The Data Scientist will be primarily responsible for designing and executing the analysis of our uniquely complex combinatorial datasets of microbial interactions in order to identify beneficial microbial “ensembles”. You will fully own the data analysis process of these datasets and will be able to innovate new methods of analysis and visualization, with the results of your work directly informing the direction of laboratory experiments to drive our discovery efforts. As an early member, of a growing team, your contributions will be transformative: working closely with the Director of Engineering and laboratory scientists, you will build out the core data analysis methods at Concerto, influencing upstream image processing and downstream predictive modeling.

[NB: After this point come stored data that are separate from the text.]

text \<open>Two distinct vertices x \<in> C and y \<in> D of S have no common neighbour outside their
  components: the exceptional vertex for their partners and such a neighbour cannot exist.\<close>
lemma P2_private_parts_disjoint:
  assumes C: "component S E C" "x \<in> C" and D: "component S E D" "y \<in> D" and xy: "x \<noteq> y"
  shows "(nbhd V E x - C) \<inter> (nbhd V E y - D) = {}"
proof (rule ccontr)
  assume "\<not> ?thesis"
  then obtain w where w: "w \<in> V" "E x w" "E y w" "w \<notin> C" unfolding nbhd_def by blast
  obtain x' where x': "C = {x, x'}" "x \<noteq> x'" "E x x'" "\<forall>z\<in>S. E x z \<longrightarrow> z = x'"
    using P2_partner C all_P2 by blast
  obtain y' where y': "D = {y, y'}" "y \<noteq> y'" "E y y'" "\<forall>z\<in>S. E y z \<longrightarrow> z = y'"
    using P2_partner D all_P2 by blast
  have S: "x \<in> S" "x' \<in> S" "y \<in> S" "y' \<in> S"
    using component_subset C D x' y' by blast+
  have "w \<notin> S" using component_closed[OF C] w by blast
  then have "E v w" using neighbour_outside_S S(1) w by blast
  moreover have "x' \<noteq> y'"
  proof
    assume "x' = y'"
    then have "y \<in> C" using component_closed[OF C(1), of x' y] x' y' S by blast
    then show False using x' y' xy irrefl \<open>x' = y'\<close> by blast
  qed
  ultimately obtain s where s: "s \<in> S" "\<forall>z\<in>S. E s z \<longrightarrow> z = x' \<or> z = y'" "\<not> E s w"
    using exceptional_vertex[of x' y' w] S w(1) by blast
  obtain t where t: "t \<in> S" "E s t" using neighbour_in_S s(1) S_iff by blast
  have "s \<noteq> x" "s \<noteq> y" using s w by auto
  have "t = x' \<or> t = y'" using s(2) t by blast
  then show False
  proof
    assume "t = x'"
    then have "s \<in> C" using component_closed[OF C(1), of x' s] x' S(2) s(1) t(2) by blast
    then show False using x' \<open>s \<noteq> x\<close> \<open>t = x'\<close> t(2) irrefl by blast
  next
    assume "t = y'"
    then have "s \<in> D" using component_closed[OF D(1), of y' s] y' S(4) s(1) t(2) by blast
    then show False using y' \<open>s \<noteq> y\<close> \<open>t = y'\<close> t(2) irrefl by blast
  qed
qed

Finally, as our team grows, you’ll play a critical role in developing Concerto’s culture and putting our core values into practice.
Responsibilities
Standardize and operationalize data cleaning methods
Design and implement analysis techniques for combinatorial microbe interaction data with the strong statistical rigor required of large biological datasets, to identify beneficial groups of microbes working together
Design and implement new and insightful data visualizations to communicate scientific results to a technical audience
Standardize your analysis work into reusable code modules
Work with Director of Engineering to inform upstream image processing and feature extraction methods used to generate data
Work with the Chief Scientific Officer and other scientist to inform the design of experimental screens, as well as follow-up experiments aiming to address the working hypothesis
Identify opportunities to extract new value from kChip datasets
Embody Concerto’s core values in your work
Required Qualifications
PhD/Masters in Data Science, Statistics, Computational Biology or related field with 1-3 years of working experience
3-5 years of experience designing and implementing data analysis methods to interrogate complex datasets
A strong understanding of data cleaning and filtering processes
Experience implementing statistical inference, machine learning, and/or other analytical methods
Experience using Python and Jupyter Notebooks for data analysis, including the use of packages such as Numpy and Pandas
Familiarity with data visualization tools or software packages
Strong written and verbal communication; and ability to communicate technical material to expert and non-expert audiences simply and clearly
Demonstrated track record of working well in team environments
Proactive, with a strong drive for problem solving and creative data exploration
Human-friendly, reproducible coding habits (well-commented, logically structured, etc.)